Who Will Bell the Cat?

Ed Newman
2 min readJun 15, 2018
Chirps. Photo by Ed Newman in his studio.

People who know me well have often heard me say, “Everything is easy to the one who doesn’t have to do it.” More than once during my career I’ve been reminded of the Aesop Fable that parallels this maxim: the belling of the cat.

Belling the Cat
Long ago, the mice had a general council to consider what measures they could take to outwit their common enemy, the Cat. Some said this, and some said that; but at last a young mouse got up and said he had a proposal to make, which he thought would meet the case. “You will all agree,” said he, “that our chief danger consists in the sly and treacherous manner in which the enemy approaches us. Now, if we could receive some signal of her approach, we could easily escape from her. I venture, therefore, to propose that a small bell be procured, and attached by a ribbon round the neck of the Cat. By this means we should always know when she was about, and could easily retire while she was in the neighborhood.”

This proposal met with general applause, until an old mouse got up and said: “That is all very well, but who is to bell the Cat?” The mice looked at one another and nobody spoke. Then the old mouse said:

“It is easy to propose impossible remedies.”
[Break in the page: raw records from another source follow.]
end

theory Submission
  imports Defs "HOL-Library.Diagonal_Subsequence"
begin

text \<open>
  The matrix m i k = biorth e i (T (e k)) is bounded and its columns tend to zero. A gliding hump
  argument extracts strictly increasing sequences a and b for which the matrix
  M i j = biorth e (b i) (T (e (a j) - e (b j))) is almost diagonal: |M i i| \<ge> \<delta> - \<epsilon> and
  |M i j| \<le> \<epsilon> / 2^(i+j) for i \<noteq> j. The operator B x = \<Sum>j. biorth e j x *R (e (a j) - e (b j))
  has norm at most 2 Cs by spreading, and A0 y = \<Sum>i. (biorth e (b i) y / M i i) *R e i has norm
  at most Cu^2 Cs / (\<delta> - \<epsilon>) by spreading and unconditionality. Coordinatewise, A0 T B differs
  from the identity only through the off-diagonal entries of M, so it is within
  4 Cu \<epsilon> / (\<delta> - \<epsilon>) of the identity, and a Neumann series corrects A0 to an exact left inverse
  of T B. Letting \<epsilon> tend to 0 gives the bound 2 Cu^2 Cs^2 / \<delta> + \<eta>, which implies the stated one
  because Cu, Cs \<ge> 1.
\<close>

section \<open>Series and bounded operators\<close>

lemma summable_if_block_sums_dominated:
  fixes f :: "nat \<Rightarrow> 'a::banach" and g :: "nat \<Rightarrow> 'b::banach"
  assumes dominated: "\<And>m n. norm (sum f {m..<n}) \<le> K * norm (sum g {m..<n})"
    and "summable g"
  shows "summable f"
  unfolding summable_Cauchy
proof (intro allI impI)
  fix \<epsilon> :: real assume "\<epsilon> > 0"
  then have "\<epsilon> / (\<bar>K\<bar> + 1) > 0" by simp
  then obtain N where N: "\<forall>m\<ge>N. \<forall>n. norm (sum g {m..<n}) < \<epsilon> / (\<bar>K\<bar> + 1)"
    using \<open>summable g\<close> unfolding summable_Cauchy by blast
  have "norm (sum f {m..<n}) < \<epsilon>" if "m \<ge> N" for m n
  proof -
    have "norm (sum f {m..<n}) \<le> \<bar>K\<bar> * norm (sum g {m..<n})"
      using dominated[of m n] by (meson abs_ge_self mult_right_mono norm_ge_zero order_trans)
    also have "\<dots> \<le> \<bar>K\<bar> * (\<epsilon> / (\<bar>K\<bar> + 1))"
      using N that by (intro mult_left_mono) (auto intro: less_imp_le)
    also have "\<dots> < \<epsilon>"
      using \<open>\<epsilon> > 0\<close> by (simp add: field_simps)
    finally show ?thesis .
  qed
  then show "\<exists>N. \<forall>m\<ge>N. \<forall>n. norm (sum f {m..<n}) < \<epsilon>" by blast
qed

lemma sums_restrict_atLeastLessThan:
  fixes v :: "nat \<Rightarrow> 'a::real_normed_vector"
  shows "(\<lambda>j. (if j \<in> {m..<n} then a j else 0) *\<^sub>R v j) sums (\<Sum>j\<in>{m..<n}. a j *\<^sub>R v j)"
proof -
  have "(\<lambda>j. (if j \<in> {m..<n} then a j else 0) *\<^sub>R v j) = (\<lambda>j. if j \<in> {m..<n} then a j *\<^sub>R v j else 0)"
    by auto
  then show ?thesis using sums_If_finite_set[of "{m..<n}" "\<lambda>j. a j *\<^sub>R v j"] by simp
qed

lemma bounded_linear_series:
  fixes f :: "nat \<Rightarrow> 'a::real_normed_vector \<Rightarrow> real" and v :: "nat \<Rightarrow> 'b::banach"
  assumes "\<And>j. linear (f j)" and "\<And>x. summable (\<lambda>j. f j x *\<^sub>R v j)"
    and "\<And>x. norm (\<Sum>j. f j x *\<^sub>R v j) \<le> K * norm x"
  shows "bounded_linear (\<lambda>x. \<Sum>j. f j x *\<^sub>R v j)"
proof (rule bounded_linear_intro[where K = K])
  fix x y
  show "(\<Sum>j. f j (x + y) *\<^sub>R v j) = (\<Sum>j. f j x *\<^sub>R v j) + (\<Sum>j. f j y *\<^sub>R v j)"
    using assms(1) by (simp add: linear_add scaleR_add_left suminf_add[OF assms(2) assms(2)])
next
  fix r x
  show "(\<Sum>j. f j (r *\<^sub>R x) *\<^sub>R v j) = r *\<^sub>R (\<Sum>j. f j x *\<^sub>R v j)"
    using assms(1) suminf_scaleR_right[OF assms(2)[of x], of r] by (simp add: linear_scale)
next
  fix x
  show "norm (\<Sum>j. f j x *\<^sub>R v j) \<le> norm x * K"
    using assms(3)[of x] by (simp add: mult.commute)
qed

lemma norm_funpow_le:
  fixes E :: "'a::real_normed_vector \<Rightarrow> 'a"
  assumes "\<And>x. norm (E x) \<le> q * norm x" and "0 \<le> q"
  shows "norm ((E ^^ n) x) \<le> q ^ n * norm x"
proof (induction n)
  case (Suc n)
  have "norm ((E ^^ Suc n) x) \<le> q * norm ((E ^^ n) x)"
    using assms(1)[of "(E ^^ n) x"] by simp
  also have "\<dots> \<le> q * (q ^ n * norm x)"
    using Suc \<open>0 \<le> q\<close> by (rule mult_left_mono)
  finally show ?case by simp
qed simp

lemma suminf_funpow_telescope:
  fixes E :: "'a::real_normed_vector \<Rightarrow> 'a"
  assumes "linear E" and "(\<lambda>n. (E ^^ n) y) \<longlonglongrightarrow> 0"
  shows "(\<Sum>n. (E ^^ n) (y - E y)) = y"
proof -
  have "linear (E ^^ n)" for n
    using \<open>linear E\<close> by (induction n) (auto simp: linear_iff)
  then have "(E ^^ n) (y - E y) = (E ^^ n) y - (E ^^ Suc n) y" for n
    by (simp add: linear_diff funpow_Suc_right del: funpow.simps)
  moreover have "(\<lambda>n. (E ^^ n) y - (E ^^ Suc n) y) sums y"
    using telescope_sums'[OF assms(2)] by simp
  ultimately show ?thesis
    by (simp add: sums_iff)
qed

lemma neumann_series:
  fixes E :: "'a::banach \<Rightarrow> 'a"
  assumes E: "bounded_linear E" and contraction: "\<And>x. norm (E x) \<le> q * norm x"
    and "0 \<le> q" and "q < 1"
  shows "bounded_linear (\<lambda>y. \<Sum>n. (E ^^ n) y)"
    and "onorm (\<lambda>y. \<Sum>n. (E ^^ n) y) \<le> 1 / (1 - q)"
    and "(\<Sum>n. (E ^^ n) (y - E y)) = y"
proof -
  have powers: "bounded_linear (E ^^ n)" for n
    by (induction n) (auto intro: bounded_linear_compose[OF E] bounded_linear_ident simp: id_def)
  have norm_powers: "norm ((E ^^ n) x) \<le> q ^ n * norm x" for n x
    using contraction \<open>0 \<le> q\<close> by (rule norm_funpow_le)
  have geometric: "summable (\<lambda>n. q ^ n * norm x)" for x
    using \<open>0 \<le> q\<close> \<open>q < 1\<close> by (intro summable_mult2 summable_geometric) simp
  have summable: "summable (\<lambda>n. (E ^^ n) x)" for x
    by (rule summable_comparison_test'[OF geometric norm_powers])
  have norm_sum: "norm (\<Sum>n. (E ^^ n) y) \<le> 1 / (1 - q) * norm y" for y
  proof -
    have "norm (\<Sum>n. (E ^^ n) y) \<le> (\<Sum>n. q ^ n * norm y)"
      by (rule norm_suminf_le[OF norm_powers geometric])
    also have "\<dots> = 1 / (1 - q) * norm y"
      using \<open>0 \<le> q\<close> \<open>q < 1\<close> by (simp add: suminf_mult2[symmetric] summable_geometric suminf_geometric)
    finally show ?thesis .
  qed
  show "bounded_linear (\<lambda>y. \<Sum>n. (E ^^ n) y)"
  proof (rule bounded_linear_intro[where K = "1 / (1 - q)"])
    show "(\<Sum>n. (E ^^ n) (x + y)) = (\<Sum>n. (E ^^ n) x) + (\<Sum>n. (E ^^ n) y)" for x y
      using powers by (simp add: linear_simps suminf_add[OF summable summable])
    show "(\<Sum>n. (E ^^ n) (r *\<^sub>R x)) = r *\<^sub>R (\<Sum>n. (E ^^ n) x)" for r x
      using powers by (simp add: linear_simps suminf_scaleR_right[OF summable])
    show "norm (\<Sum>n. (E ^^ n) x) \<le> norm x * (1 / (1 - q))" for x
      using norm_sum[of x] by (simp add: mult.commute)
  qed
  show "onorm (\<lambda>y. \<Sum>n. (E ^^ n) y) \<le> 1 / (1 - q)"
    by (rule onorm_bound) (use \<open>q < 1\<close> norm_sum in auto)
  have "(\<lambda>n. (E ^^ n) y) \<longlonglongrightarrow> 0"
  proof (rule Lim_null_comparison)
    show "\<forall>\<^sub>F n in sequentially. norm ((E ^^ n) y) \<le> q ^ n * norm y"
      using norm_powers by simp
    show "(\<lambda>n. q ^ n * norm y) \<longlonglongrightarrow> 0"
      using \<open>0 \<le> q\<close> \<open>q < 1\<close> by (intro tendsto_mult_left_zero LIMSEQ_power_zero) simp
  qed
  then show "(\<Sum>n. (E ^^ n) (y - E y)) = y"
    by (rule suminf_funpow_telescope[OF bounded_linear.linear[OF E]])
qed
Giving advice is easy when there is no personal risk involved. The old mouse no doubt let the applause run its course before he interjected. We, too often, are quick to speak and slow to listen, and as a result make all kinds of statements that in retrospect we should have stuffed.

To quote Phaedrus, another ancient thinker, “Things are not always as they seem.”

This post originally appeared on my Ennyman’s Territory blog in the summer of 2007.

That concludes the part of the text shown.